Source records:
•••

lemma derivation_split:
  fixes L Lx :: "nat \<Rightarrow> ('a,'v) sdist" and \<rho> :: "nat \<Rightarrow> ('a,'v) sdist"
  assumes D: "derivation L Lx" and parts_nonneg: "\<And>k s. 0 \<le> \<rho> k s"
    and parts: "\<And>s. (\<lambda>k. \<rho> k s) sums L 0 s"
  obtains C X where "C 0 = \<rho>" and "X 0 = (\<lambda>k. empty_dist)"
    and "\<And>j k. ctrans (C j k) Tau (\<lambda>s. C (Suc j) k s + X (Suc j) k s)"
    and "\<And>j s. (\<lambda>k. C j k s) sums L j s"
    and "\<And>j s. (\<lambda>k. X (Suc j) k s) sums Lx (Suc j) s"
    and "\<And>j k s. 0 \<le> X j k s"
proof -
  define P where "P j CX \<longleftrightarrow> (\<forall>k s. 0 \<le> fst CX k s \<and> 0 \<le> snd CX k s)
      \<and> (\<forall>s. (\<lambda>k. fst CX k s) sums L j s) \<and> (j = 0 \<longrightarrow> CX = (\<rho>, \<lambda>k. empty_dist))"
    for j and CX :: "(nat \<Rightarrow> ('a,'v) sdist) \<times> (nat \<Rightarrow> ('a,'v) sdist)"
  define Q where "Q j CX CX' \<longleftrightarrow> (\<forall>k. ctrans (fst CX k) Tau (\<lambda>s. fst CX' k s + snd CX' k s))
      \<and> (\<forall>s. (\<lambda>k. snd CX' k s) sums Lx (Suc j) s)"
    for j and CX CX' :: "(nat \<Rightarrow> ('a,'v) sdist) \<times> (nat \<Rightarrow> ('a,'v) sdist)"
  have "\<exists>f. \<forall>j. P j (f j) \<and> Q j (f j) (f (Suc j))"
  proof (rule dependent_nat_choice)
    show "\<exists>CX. P 0 CX"
      using parts_nonneg parts by (auto simp: P_def empty_dist_def)
  next
    fix CX j
    assume "P j CX"
    then obtain C' X' where "\<And>k. ctrans (fst CX k) Tau (\<lambda>s. C' k s + X' k s)"
      and "\<And>s. (\<lambda>k. C' k s) sums L (Suc j) s" and "\<And>s. (\<lambda>k. X' k s) sums Lx (Suc j) s"
      and "\<And>k s. 0 \<le> C' k s" and "\<And>k s. 0 \<le> X' k s"
      using derivation_split_step[OF D, of "fst CX" j] unfolding P_def by blast
    then show "\<exists>CX'. P (Suc j) CX' \<and> Q j CX CX'"
      by (intro exI[of _ "(C', X')"]) (simp add: P_def Q_def)
  qed
  then obtain f where f: "\<And>j. P j (f j)" "\<And>j. Q j (f j) (f (Suc j))"
    by blast
  show thesis
  proof (rule that[of "\<lambda>j. fst (f j)" "\<lambda>j. snd (f j)"])
    show "fst (f 0) = \<rho>" and "snd (f 0) = (\<lambda>k. empty_dist)"
      using f(1)[of 0] by (simp_all add: P_def)
  qed (use f in \<open>simp_all add: P_def Q_def\<close>)
qed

•••

§ **The problem**
Reproduce nothing but the lines from the line containing "then obtain C'" to the last line of the data, each exactly as written.

§ **Response**
    then obtain C' X' where "\<And>k. ctrans (fst CX k) Tau (\<lambda>s. C' k s + X' k s)"
      and "\<And>s. (\<lambda>k. C' k s) sums L (Suc j) s" and "\<And>s. (\<lambda>k. X' k s) sums Lx (Suc j) s"
      and "\<And>k s. 0 \<le> C' k s" and "\<And>k s. 0 \<le> X' k s"
      using derivation_split_step[OF D, of "fst CX" j] unfolding P_def by blast
    then show "\<exists>CX'. P (Suc j) CX' \<and> Q j CX CX'"
      by (intro exI[of _ "(C', X')"]) (simp add: P_def Q_def)
  qed
  then obtain f where f: "\<And>j. P j (f j)" "\<And>j. Q j (f j) (f (Suc j))"
    by blast
  show thesis
  proof (rule that[of "\<lambda>j. fst (f j)" "\<lambda>j. snd (f j)"])
    show "fst (f 0) = \<rho>" and "snd (f 0) = (\<lambda>k. empty_dist)"
      using f(1)[of 0] by (simp_all add: P_def)
  qed (use f in \<open>simp_all add: P_def Q_def\<close>)
qed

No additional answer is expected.